The 1st & 6th rows contain the following fourteen numbers:
2 5 9 12 14 15 18 20 22 33 40 49 56 72
Which multiple of 8, when 7 is subtracted from it, becomes a square number?
The Lagrange Challenge
Lagrange’s Four-Square Theorem states that every integer can be made by adding up to four square numbers.
For example, 7 can be made by 2²+1²+1²+1² (or 4+1+1+1).
Show how you can make 180, in TEN different ways, when using Lagrange’s Theorem.

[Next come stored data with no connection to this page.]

(* Let $n_0,n_1\ge 0$ and $m$ be integers with $0<m\le n_0+n_1$, and let $X\sim\mathrm{Hyper}(n_0,n_1;m)$, i.e. $$\mathbb P(X=k)=\frac{\binom{n_0}{k}\binom{n_1}{m-k}}{\binom{n_0+n_1}{m}}.$$ Set $Y=X/(1+m-X)$. Then $$\mathbb E Y=\frac{n_0}{1+n_1}\left(1-\frac{\binom{n_0-1}{m}}{\binom{n_0+n_1}{m}}\right).$$ In particular, $\mathbb E Y\le \frac{n_0}{1+n_1}$ for every such $m$.
   Context: Binomial coefficient conventions: $\binom{0}{0}=1$, and $\binom{n}{k}=0$ if $n<0$, or if $k<0$, or if $k>n$. *)

theory Defs
  imports Complex_Main
begin

definition ibinom :: "int \<Rightarrow> int \<Rightarrow> real" where
  "ibinom n k = (if n < 0 \<or> k < 0 \<or> k > n then 0 else real (nat n choose nat k))"

definition hyper_pmf :: "int \<Rightarrow> int \<Rightarrow> int \<Rightarrow> int \<Rightarrow> real" where
  "hyper_pmf n0 n1 m k = ibinom n0 k * ibinom n1 (m - k) / ibinom (n0 + n1) m"

definition hyper_EY :: "int \<Rightarrow> int \<Rightarrow> int \<Rightarrow> real" where
  "hyper_EY n0 n1 m = (\<Sum>k\<in>{0..m}. hyper_pmf n0 n1 m k * (real_of_int k / (1 + real_of_int m - real_of_int k)))"

end

theory Submission
  imports Defs
begin

text \<open>Absorbing the weight k/(M+1-k) into the binomials gives
  (b+1) P(X=k) k/(M+1-k) \<propto> a C(a-1,k-1) C(b+1,M+1-k), so (b+1) E Y is a times a
  Vandermonde convolution C(a-1,\<cdot>) * C(b+1,\<cdot>) from which only the term j = M is missing;
  that term is C(a-1,M).\<close>

lemma ibinom_of_nat: "ibinom (int n) (int k) = real (n choose k)"
  by (simp add: ibinom_def)

lemma ibinom_of_nat_diff:
  assumes "k \<le> m"
  shows "ibinom (int n) (int m - int k) = real (n choose (m - k))"
  using assms ibinom_of_nat[of n "m - k"] by (simp add: of_nat_diff)

lemma ibinom_nonneg: "ibinom n k \<ge> 0"
  by (simp add: ibinom_def)

text \<open>For a = 0 the integer binomial with top entry -1 vanishes while the truncated
  a - 1 gives 0; the factor a makes the difference irrelevant.\<close>

lemma of_nat_mult_ibinom_pred:
  "real a * ibinom (int a - 1) k = real a * ibinom (int (a - 1)) k"
  by (cases a) auto

lemma choose_weighted_absorb:
  fixes a b M k :: nat
  assumes "1 \<le> k" "k \<le> M"
  shows "(real b + 1) * (real (a choose k) * real (b choose (M - k)) * (real k / (1 + real M - real k)))
         = real a * real ((a - 1) choose (k - 1)) * real (Suc b choose (M + 1 - k))"
proof -
  have gap: "real (M + 1 - k) = 1 + real M - real k" and pos: "1 + real M - real k > 0"
    using assms by (simp_all add: of_nat_diff)
  have absorb_a: "real k * real (a choose k) = real a * real ((a - 1) choose (k - 1))"
    using times_binomial_minus1_eq[of k a] assms by (simp flip: of_nat_mult)
  have "(b + 1) * (b choose (M - k)) = (Suc b choose (M + 1 - k)) * (M + 1 - k)"
    using Suc_times_binomial_eq[of b "M - k"] assms by (simp add: Suc_diff_le)
  then have absorb_b: "(real b + 1) * real (b choose (M - k))
                       = real (Suc b choose (M + 1 - k)) * (1 + real M - real k)"
    unfolding gap[symmetric] by (metis of_nat_1 of_nat_add of_nat_mult)
  have "(real b + 1) * (real (a choose k) * real (b choose (M - k)) * (real k / (1 + real M - real k)))
        = (real k * real (a choose k)) * ((real b + 1) * real (b choose (M - k))) / (1 + real M - real k)"
    by (simp add: algebra_simps)
  also have "\<dots> = real a * real ((a - 1) choose (k - 1)) * real (Suc b choose (M + 1 - k))"
    unfolding absorb_a absorb_b using pos by simp
  finally show ?thesis .
qed

lemma vandermonde_drop_last:
  fixes a b M :: nat
  shows "(\<Sum>k\<in>{1..M}. (a choose (k - 1)) * (Suc b choose (M + 1 - k))) + (a choose M)
         = (a + Suc b) choose M"
proof -
  have "(\<Sum>k\<in>{1..M}. (a choose (k - 1)) * (Suc b choose (M + 1 - k)))
        = (\<Sum>j<M. (a choose j) * (Suc b choose (M - j)))"
    by (rule sum.reindex_bij_witness[where i = Suc and j = "\<lambda>k. k - 1"]) auto
  also have "\<dots> + (a choose M) = (\<Sum>j\<le>M. (a choose j) * (Suc b choose (M - j)))"
    by (simp add: lessThan_Suc_atMost[symmetric])
  also have "\<dots> = (a + Suc b) choose M"
    by (rule vandermonde)
  finally show ?thesis .
qed

lemma sum_choose_weighted:
  fixes a b M :: nat
  shows "(real b + 1) * (\<Sum>k\<le>M. real (a choose k) * real (b choose (M - k)) * (real k / (1 + real M - real k)))
         = real a * (real ((a + b) choose M) - real ((a - 1) choose M))"
proof (cases a)
  case 0
  then show ?thesis by (auto intro!: sum.neutral)
next
  case (Suc a')
  define S where "S = (\<Sum>k\<in>{1..M}. (a' choose (k - 1)) * (Suc b choose (M + 1 - k)))"
  have "S + (a' choose M) = (a + b) choose M"
    using vandermonde_drop_last[of a' b M] Suc by (simp add: S_def)
  then have S: "real S = real ((a + b) choose M) - real ((a - 1) choose M)"
    using Suc by (metis add_diff_cancel_right' diff_Suc_1 of_nat_add)
  have "{..M} = insert 0 {1..M}" by auto
  then have "(real b + 1) * (\<Sum>k\<le>M. real (a choose k) * real (b choose (M - k)) * (real k / (1 + real M - real k)))
             = (\<Sum>k\<in>{1..M}. (real b + 1) * (real (a choose k) * real (b choose (M - k)) * (real k / (1 + real M - real k))))"
    by (simp add: sum_distrib_left)
  also have "\<dots> = (\<Sum>k\<in>{1..M}. real a * real (a' choose (k - 1)) * real (Suc b choose (M + 1 - k)))"
    using Suc by (intro sum.cong refl) (use choose_weighted_absorb[of _ M b a] in auto)
  also have "\<dots> = real a * real S"
    by (simp add: S_def sum_distrib_left mult.assoc)
  finally show ?thesis
    unfolding S .
qed

lemma hyper_EY_of_nat:
  "hyper_EY (int a) (int b) (int M)
   = (\<Sum>k\<le>M. real (a choose k) * real (b choose (M - k)) * (real k / (1 + real M - real k)))
     / real ((a + b) choose M)"
proof -
  have "{0..int M} = int ` {..M}"
    by (auto simp: image_iff intro!: bexI[where x = "nat _"])
  then have "hyper_EY (int a) (int b) (int M)
             = (\<Sum>k\<le>M. hyper_pmf (int a) (int b) (int M) (int k) * (real k / (1 + real M - real k)))"
    by (simp add: hyper_EY_def sum.reindex)
  also have "\<dots> = (\<Sum>k\<le>M. real (a choose k) * real (b choose (M - k)) * (real k / (1 + real M - real k))
                      / real ((a + b) choose M))"
    by (intro sum.cong refl)
       (simp add: hyper_pmf_def ibinom_of_nat ibinom_of_nat_diff flip: of_nat_add)
  finally show ?thesis
    by (simp add: sum_divide_distrib)
qed

theorem lemma2:
  fixes n0 n1 m :: int
  assumes "n0 \<ge> 0" and "n1 \<ge> 0" and "0 < m" and "m \<le> n0 + n1"
  shows "hyper_EY n0 n1 m
           = real_of_int n0 / (1 + real_of_int n1) * (1 - ibinom (n0 - 1) m / ibinom (n0 + n1) m)
         \<and> hyper_EY n0 n1 m \<le> real_of_int n0 / (1 + real_of_int n1)"
proof -
  obtain a b M where n: "n0 = int a" "n1 = int b" "m = int M"
    using assms by (metis nonneg_int_cases less_imp_le)
  define C where "C = real ((a + b) choose M)"
  have C_pos: "C > 0"
    using assms by (simp add: C_def n)
  have C: "ibinom (n0 + n1) m = C"
    by (simp add: n C_def ibinom_of_nat flip: of_nat_add)
  have "hyper_EY n0 n1 m = real a * (C - real ((a - 1) choose M)) / ((real b + 1) * C)"
    using sum_choose_weighted[of b a M] C_pos
    by (simp add: n hyper_EY_of_nat flip: C_def) (simp add: divide_simps mult.commute)
  also have "\<dots> = real a / (1 + real b) * (1 - ibinom (n0 - 1) m / C)"
    using C_pos of_nat_mult_ibinom_pred[of a "int M"]
    by (simp add: n ibinom_of_nat field_simps)
  finally have "hyper_EY n0 n1 m = real a / (1 + real b) * (1 - ibinom (n0 - 1) m / C)" .
  moreover have "real a / (1 + real b) * (1 - ibinom (n0 - 1) m / C) \<le> real a / (1 + real b)"
    using C_pos ibinom_nonneg[of "n0 - 1" m] by (intro mult_left_le) auto
  ultimately show ?thesis
    unfolding C by (simp add: n)
qed

end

The Mathematically Possible Challenge
Using 3, 6 and 12 once each, with + – × ÷ available, which is the ONLY target number it is possible to make from the list below?
8 16 24 32 40 48 56 64 72 80
#8TimesTable
The Target Challenge
Can you arrive at 180 by inserting 4, 6, 8 and 10 into the gaps on each line?
- (◯+◯+◯)×◯ = 180
- (◯+◯)×(◯+◯) = 180
- ◯²+◯×(◯+◯) = 180
- (◯+◯+double◯)×◯ = 180
Answers can be found here.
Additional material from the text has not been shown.